PARIS (Reuters) - Film star Gerard Depardieu denied that he was leaving his homeland for tax reasons on Monday, saying that, although he now had a Russian passport, he was still very much French.
In an interview with sports channel L'Equipe 21 - his first since a row broke out in December over his decision to buy a house over the border in Belgium - Depardieu said that if he had wanted to leave to avoid tax hikes he would have gone earlier.
"I have a Russian passport, but I remain French and I will probably have dual Belgian nationality.

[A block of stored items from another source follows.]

lemma Inf_Ttimes_reset_free:
  assumes reset_free: "\<forall>s\<in>set pre. \<not> rst s" and reachable: "reachable_path (pre @ t # post)"
  shows "Inf (ereal ` Ttimes (pre @ t # post) (Suc (length pre))) =
    ereal (Max (insert 0 ((lbound \<circ> grd) ` set (pre @ [t]))))"
    (is "_ = ereal ?L")
proof -
  obtain c where "c \<in> Ttimes (pre @ t # post) (Suc (length pre))"
    using Ttimes_nonempty[OF reachable] by blast
  then obtain ds1 ds2 where c: "run_ok 0 pre ds1" "clock_after 0 pre ds1 \<le> c" "fires_at c t post ds2"
    unfolding Ttimes_reset_free[OF reset_free] by blast
  show ?thesis
  proof (rule Inf_image_ereal_eqI)
    show "c \<in> Ttimes (pre @ t # post) (Suc (length pre))"
      unfolding Ttimes_reset_free[OF reset_free] using c by blast
    show "\<forall>b\<in>Ttimes (pre @ t # post) (Suc (length pre)). ?L \<le> b"
    proof
      fix b assume "b \<in> Ttimes (pre @ t # post) (Suc (length pre))"
      then obtain ds1 ds2 where b: "run_ok 0 pre ds1" "clock_after 0 pre ds1 \<le> b" "fires_at b t post ds2"
        unfolding Ttimes_reset_free[OF reset_free] by blast
      have "0 \<le> b"
        using Ttimes_nonneg \<open>b \<in> Ttimes (pre @ t # post) (Suc (length pre))\<close> by blast
      moreover have "lbound (grd s) \<le> b" if "s \<in> set pre" for s
        using lbound_le_clock_after_reset_free[OF b(1) reset_free _ that] b(2) by simp
      moreover have "lbound (grd t) \<le> b"
        using b(3) \<open>0 \<le> b\<close> by (simp add: fires_at_def lbound_le_sat)
      ultimately show "?L \<le> b" by auto
    qed
    show "\<forall>y. ?L < y \<longrightarrow> y \<le> c \<longrightarrow> y \<in> Ttimes (pre @ t # post) (Suc (length pre))"
    proof (intro allI impI)
      fix y assume y: "?L < y" "y \<le> c"
      then have "0 < y" "lbound (grd t) < y" "\<forall>s\<in>set pre. lbound (grd s) < y"
        by auto
      obtain ds2' where "fires_at y t post ds2'"
        using fires_at_decrease[OF c(3) y(2) \<open>lbound (grd t) < y\<close>] by blast
      moreover obtain ds1' where "run_ok 0 pre ds1'" "clock_after 0 pre ds1' \<le> y"
        using run_ok_clamp_reset_free[OF c(1) reset_free \<open>\<forall>s\<in>set pre. lbound (grd s) < y\<close>]
          \<open>0 < y\<close> by force
      ultimately show "y \<in> Ttimes (pre @ t # post) (Suc (length pre))"
        unfolding Ttimes_reset_free[OF reset_free] by blast
    qed
  qed
qed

But if I'd wanted to escape the taxman, as the French press say, I would have done it a long time ago," he said.
Depardieu was speaking in Zurich on the sidelines of a football awards ceremony after receiving a new Russian passport on Sunday from President Vladimir Putin.
The 63-year-old star of "Cyrano de Bergerac" and "Green Card" has been accused by French government leaders of trying to dodge a proposed new tax rate for millionaires.
But in a letter last month to Prime Minister Jean-Marc Ayrault, who labelled the actor "pathetic", Depardieu said he was leaving because success was now being punished in France.
Hollande's original proposal to introduce a 75 percent rate on income over 1 million euros ($1.31 million) was struck down by France's Constitutional Court.
While he has said he will press ahead with a tax on the wealthy, it remains unclear whether the redrafted text will be as severe on top earners.